PyTerrier

PyTerrier - v1.0

🔍 Retrieve. 🧠 Rerank. 💬 Answer. ⚙️ Experiment.

Overview

Build (sparse|learned sparse|dense) indexing and retrieval pipelines for search and RAG use-cases, and conduct experiments on standard datasets.

For example, build a re-ranking pipeline combining a Terrier BM25 retriever and the MonoT5 neural reranker (each of these are PyTerrier Transformer classes):

import pyterrier as pt
import pyterrier_t5
bm25 = pt.terrier.TerrierIndex.from_hf("pyterrier/vaswani.terrier").bm25() % 100
monot5 = bm25 >> pt.get.get_text(pt.get_dataset('irds:vaswani')) >> pyterrier_t5.MonoT5ReRanker()
monot5.search("What are chemical reactions?")

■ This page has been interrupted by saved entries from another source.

lemma
  assumes G: "gaussian_field M b" and F: "finite F"
  shows integrable_exp_gaussian_field_sum:
      "integrable M (\<lambda>\<omega>. exp (\<Sum>i\<in>F. c i * b (fst i) (snd i) \<omega>))"
    and integral_exp_gaussian_field_sum:
      "(\<integral>\<omega>. exp (\<Sum>i\<in>F. c i * b (fst i) (snd i) \<omega>) \<partial>M) = exp (\<Sum>i\<in>F. (c i)^2 / 4^fst i / 2)"
proof -
  interpret prob_space M
    using G by (rule gaussian_field_prob_space)
  have indep: "indep_vars (\<lambda>_. borel) (\<lambda>i. b (fst i) (snd i)) F"
    using G indep_vars_subset unfolding gaussian_field_def case_prod_beta by blast
  have normal: "distributed M lborel (b (fst i) (snd i)) (normal_density 0 ((1/2)^fst i))" for i
    using G unfolding gaussian_field_def by blast
  have var: "((1/2::real)^j)^2 = 1 / 4^j" for j
    by (simp add: power_one_over power2_eq_square power_mult_distrib[symmetric])
  show "integrable M (\<lambda>\<omega>. exp (\<Sum>i\<in>F. c i * b (fst i) (snd i) \<omega>))"
    by (rule integrable_exp_indep_normal_sum[OF indep F normal]) simp
  show "(\<integral>\<omega>. exp (\<Sum>i\<in>F. c i * b (fst i) (snd i) \<omega>) \<partial>M) = exp (\<Sum>i\<in>F. (c i)^2 / 4^fst i / 2)"
    using integral_exp_indep_normal_sum[OF indep F normal] by (simp add: var)
qed

section \<open>Boxes and the field restricted to a set of scales\<close>

definition box_corners :: "nat \<Rightarrow> pt \<Rightarrow> pt set" where
  "box_corners L z = {x. z \<in> box L x}"

lemma mem_box_iff:
  "z \<in> box L x \<longleftrightarrow> fst x \<le> fst z \<and> fst z < fst x + 2^L \<and> snd x \<le> snd z \<and> snd z < snd x + 2^L"
proof
  assume "z \<in> box L x"
  then show "fst x \<le> fst z \<and> fst z < fst x + 2^L \<and> snd x \<le> snd z \<and> snd z < snd x + 2^L"
    unfolding box_def by auto
next
  assume "fst x \<le> fst z \<and> fst z < fst x + 2^L \<and> snd x \<le> snd z \<and> snd z < snd x + 2^L"
  then show "z \<in> box L x"
    unfolding box_def by (intro CollectI exI[of _ "fst z - fst x"] exI[of _ "snd z - snd x"]) auto
qed

lemma box_corners_eq_image:
  "box_corners L z = (\<lambda>(a, c). (fst z - a, snd z - c)) ` ({0..<2^L} \<times> {0..<2^L})"
proof (rule set_eqI)
  fix x :: pt
  show "x \<in> box_corners L z \<longleftrightarrow> x \<in> (\<lambda>(a, c). (fst z - a, snd z - c)) ` ({0..<2^L} \<times> {0..<2^L})"
  proof
    assume "x \<in> box_corners L z"
    then have "(fst z - fst x, snd z - snd x) \<in> {0..<2^L} \<times> {0..<2^L}"
      unfolding box_corners_def mem_box_iff by auto
    then show "x \<in> (\<lambda>(a, c). (fst z - a, snd z - c)) ` ({0..<2^L} \<times> {0..<2^L})"
      by (rule rev_image_eqI) simp
  qed (auto simp: box_corners_def mem_box_iff)
qed

lemma finite_box_corners [simp]: "finite (box_corners L z)"
  unfolding box_corners_eq_image by simp

lemma card_box_corners: "card (box_corners L z) = 4^L"
proof -
  have "inj_on (\<lambda>(a, c). (fst z - a, snd z - c)) ({0..<(2::int)^L} \<times> {0..<2^L})"
    by (auto simp: inj_on_def)
  then have "card (box_corners L z) = card ({0..<(2::int)^L} \<times> {0..<(2::int)^L})"
    unfolding box_corners_eq_image by (rule card_image)
  also have "\<dots> = 2^L * 2^L"
    by (simp add: card_cartesian_product nat_power_eq)
  also have "\<dots> = 4^L"
    by (simp add: power_mult_distrib[symmetric])
  finally show ?thesis .
qed

lemma box_corners_disjoint: "2^L \<le> supdist u v \<Longrightarrow> box_corners L u \<inter> box_corners L v = {}"
  unfolding box_corners_def supdist_def mem_box_iff by auto

lemma psi_eq_sum_box_corners: "psi k b j z \<omega> = (\<Sum>x\<in>box_corners (j*k) z. sqrt k * b (j*k) x \<omega>)"
  unfolding psi_def box_corners_def ..

definition phi_scales :: "nat \<Rightarrow> (nat \<Rightarrow> pt \<Rightarrow> 'a \<Rightarrow> real) \<Rightarrow> nat set \<Rightarrow> pt \<Rightarrow> 'a \<Rightarrow> real" where
  "phi_scales k b J z \<omega> = (\<Sum>j\<in>J. psi k b j z \<omega>)"

lemma phi_eq_phi_scales: "phi k n b z \<omega> = phi_scales k b {..<n div k} z \<omega>"
  unfolding phi_def phi_scales_def ..

lemma phi_scales_split:
  assumes "m\<^sub>1 \<le> m"
  shows "phi_scales k b {..<m} z \<omega> = phi_scales k b {..<m\<^sub>1} z \<omega> + phi_scales k b {m\<^sub>1..<m} z \<omega>"
proof -
  have "{..<m} = {..<m\<^sub>1} \<union> {m\<^sub>1..<m}"
    using assms by auto
  then show ?thesis
    unfolding phi_scales_def by (simp add: sum.union_disjoint ivl_disj_int)
qed

lemma phi_scales_measurable [measurable]:
  "gaussian_field M b \<Longrightarrow> phi_scales k b J z \<in> borel_measurable M"
  unfolding phi_scales_def psi_def by measurable

text \<open>The covariance of \<open>phi_scales k b J u\<close> and \<open>phi_scales k b J v\<close> is \<open>k * overlap k J u v\<close>.\<close>
definition overlap :: "nat \<Rightarrow> nat set \<Rightarrow> pt \<Rightarrow> pt \<Rightarrow> real" where
  "overlap k J u v = (\<Sum>j\<in>J. card (box_corners (j*k) u \<inter> box_corners (j*k) v) / 4^(j*k))"

lemma sum_indicator_union:
  fixes f :: "'b \<Rightarrow> real"
  assumes "finite A" "finite B"
  shows "(\<Sum>x\<in>A \<union> B. (\<alpha> * of_bool (x \<in> A) + \<beta> * of_bool (x \<in> B)) * f x) = \<alpha> * sum f A + \<beta> * sum f B"
proof -
  have "(A \<union> B) \<inter> {x. x \<in> A} = A" "(A \<union> B) \<inter> {x. x \<in> B} = B"
    by auto
  then show ?thesis
    using assms by (simp add: distrib_right sum.distrib mult.assoc flip: sum_distrib_left)
qed

lemma sum_square_indicator_union:
  fixes \<alpha> \<beta> :: real
  assumes "finite A" "finite B"
  shows "(\<Sum>x\<in>A \<union> B. (\<alpha> * of_bool (x \<in> A) + \<beta> * of_bool (x \<in> B))^2)
    = \<alpha>^2 * card A + \<beta>^2 * card B + 2 * \<alpha> * \<beta> * card (A \<inter> B)"
proof -
  have square: "(\<alpha> * of_bool P + \<beta> * of_bool Q)^2 = \<alpha>^2 * of_bool P + \<beta>^2 * of_bool Q + 2 * \<alpha> * \<beta> * of_bool (P \<and> Q)"
    for P Q
    by (cases P; cases Q) (simp_all add: power2_eq_square algebra_simps)
  have "(A \<union> B) \<inter> {x. x \<in> A} = A" "(A \<union> B) \<inter> {x. x \<in> B} = B" "(A \<union> B) \<inter> {x. x \<in> A \<and> x \<in> B} = A \<inter> B"
    by auto
  then show ?thesis
    unfolding square using assms by (simp add: sum.distrib flip: sum_distrib_left)
qed

lemma sum_image_scale_Sigma:
  fixes g :: "nat \<times> 'b \<Rightarrow> 'c::comm_monoid_add"
  assumes "k \<ge> 1" and "finite J" and "\<And>j. finite (U j)"
  shows "(\<Sum>i\<in>(\<lambda>(j, x). (j*k, x)) ` Sigma J U. g i) = (\<Sum>j\<in>J. \<Sum>x\<in>U j. g (j*k, x))"
proof -
  have "inj_on (\<lambda>(j, x). (j*k, x)) (Sigma J U)"
    using assms(1) by (auto simp: inj_on_def)
  then have "(\<Sum>i\<in>(\<lambda>(j, x). (j*k, x)) ` Sigma J U. g i) = (\<Sum>(j, x)\<in>Sigma J U. g (j*k, x))"
    by (subst sum.reindex) (auto simp: case_prod_beta)
  also have "\<dots> = (\<Sum>j\<in>J. \<Sum>x\<in>U j. g (j*k, x))"
    using assms(2,3) by (subst sum.Sigma) auto
  finally show ?thesis .
qed

lemma
  fixes \<alpha> \<beta> :: real
  assumes G: "gaussian_field M b" and k: "k \<ge> 1" and J: "finite J"
  shows integrable_exp_phi_scales_two_point:
      "integrable M (\<lambda>\<omega>. exp (\<alpha> * phi_scales k b J u \<omega> + \<beta> * phi_scales k b J v \<omega>))"
    and integral_exp_phi_scales_two_point:
      "(\<integral>\<omega>. exp (\<alpha> * phi_scales k b J u \<omega> + \<beta> * phi_scales k b J v \<omega>) \<partial>M)
         = exp (k * (\<alpha>^2 + \<beta>^2) * card J / 2 + \<alpha> * \<beta> * k * overlap k J u v)"
proof -
  define U where "U j = box_corners (j*k) u \<union> box_corners (j*k) v" for j
  define F where "F = (\<lambda>(j, x). (j*k, x)) ` Sigma J U"
  define c where "c i = sqrt k * (\<alpha> * of_bool (u \<in> box (fst i) (snd i)) + \<beta> * of_bool (v \<in> box (fst i) (snd i)))"
    for i :: "nat \<times> pt"
  have finite_U: "finite (U j)" for j
    unfolding U_def by simp
  have finite_F: "finite F"
    unfolding F_def using J finite_U by auto
  have sum_F: "(\<Sum>i\<in>F. g i) = (\<Sum>j\<in>J. \<Sum>x\<in>U j. g (j*k, x))" for g :: "nat \<times> pt \<Rightarrow> real"
    unfolding F_def using k J finite_U by (rule sum_image_scale_Sigma)
  have c_scale: "c (j*k, x) = sqrt k * (\<alpha> * of_bool (x \<in> box_corners (j*k) u) + \<beta> * of_bool (x \<in> box_corners (j*k) v))"
    for j x
    unfolding c_def box_corners_def by simp
  have linear: "\<alpha> * phi_scales k b J u \<omega> + \<beta> * phi_scales k b J v \<omega> = (\<Sum>i\<in>F. c i * b (fst i) (snd i) \<omega>)" for \<omega>
  proof -
    have "(\<Sum>x\<in>U j. c (j*k, x) * b (j*k) x \<omega>) = \<alpha> * psi k b j u \<omega> + \<beta> * psi k b j v \<omega>" for j
      using sum_indicator_union[of "box_corners (j*k) u" "box_corners (j*k) v" \<alpha> \<beta> "\<lambda>x. sqrt k * b (j*k) x \<omega>"]
      unfolding U_def c_scale psi_eq_sum_box_corners by (simp add: mult_ac)
    then show ?thesis
      unfolding sum_F phi_scales_def by (simp add: sum.distrib sum_distrib_left)
  qed
  have variance: "(\<Sum>i\<in>F. (c i)^2 / 4^fst i / 2) = k * (\<alpha>^2 + \<beta>^2) * card J / 2 + \<alpha> * \<beta> * k * overlap k J u v"
  proof -
    have "(\<Sum>x\<in>U j. (c (j*k, x))^2 / 4^(j*k) / 2)
        = k * (\<alpha>^2 + \<beta>^2) / 2 + \<alpha> * \<beta> * k * (card (box_corners (j*k) u \<inter> box_corners (j*k) v) / 4^(j*k))" for j
    proof -
      have "(\<Sum>x\<in>U j. (c (j*k, x))^2 / 4^(j*k) / 2)
          = k / 4^(j*k) / 2 * (\<Sum>x\<in>U j. (\<alpha> * of_bool (x \<in> box_corners (j*k) u) + \<beta> * of_bool (x \<in> box_corners (j*k) v))^2)"
        unfolding c_scale sum_distrib_left by (intro sum.cong) (simp_all add: power_mult_distrib)
      then show ?thesis
        unfolding U_def sum_square_indicator_union[OF finite_box_corners finite_box_corners] card_box_corners
        by (simp add: field_simps)
    qed
    then show ?thesis
      unfolding sum_F overlap_def by (simp add: sum.distrib sum_distrib_left)
  qed
  show "integrable M (\<lambda>\<omega>. exp (\<alpha> * phi_scales k b J u \<omega> + \<beta> * phi_scales k b J v \<omega>))"
    unfolding linear by (rule integrable_exp_gaussian_field_sum[OF G finite_F])
  show "(\<integral>\<omega>. exp (\<alpha> * phi_scales k b J u \<omega> + \<beta> * phi_scales k b J v \<omega>) \<partial>M)
      = exp (k * (\<alpha>^2 + \<beta>^2) * card J / 2 + \<alpha> * \<beta> * k * overlap k J u v)"
    unfolding linear integral_exp_gaussian_field_sum[OF G finite_F] variance ..
qed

In notebook environments, PyTerrier transformers and pipelines can be visualised.

You can easily build pipeline for query expansion, learning-to-rank, dense retrieval and even RAG.

Once you have working pipelines, you can formulate an experiment to compare their effectiveness using the pt.Experiment function:

from pyterrier.measures import *
pt.Experiment(
  [bm25, monot5]
  pt.get_dataset('vaswani').get_topics(),
  pt.get_dataset('vaswani').get_qrels(),
  [nDCG@10, AP@100]
)

You can easily perform retrieval experiments using many standard datasets, including all from the ir_datasets package. E.g., use pt.datasets.get_dataset("irds:medline/2004/trec-genomics-2004") to get the TREC Genomics 2004 dataset. A full catalogue of ir_datasets is available here.

Installation

The easiest way to get started with PyTerrier is to use one of our Colab notebooks - look for the badges below.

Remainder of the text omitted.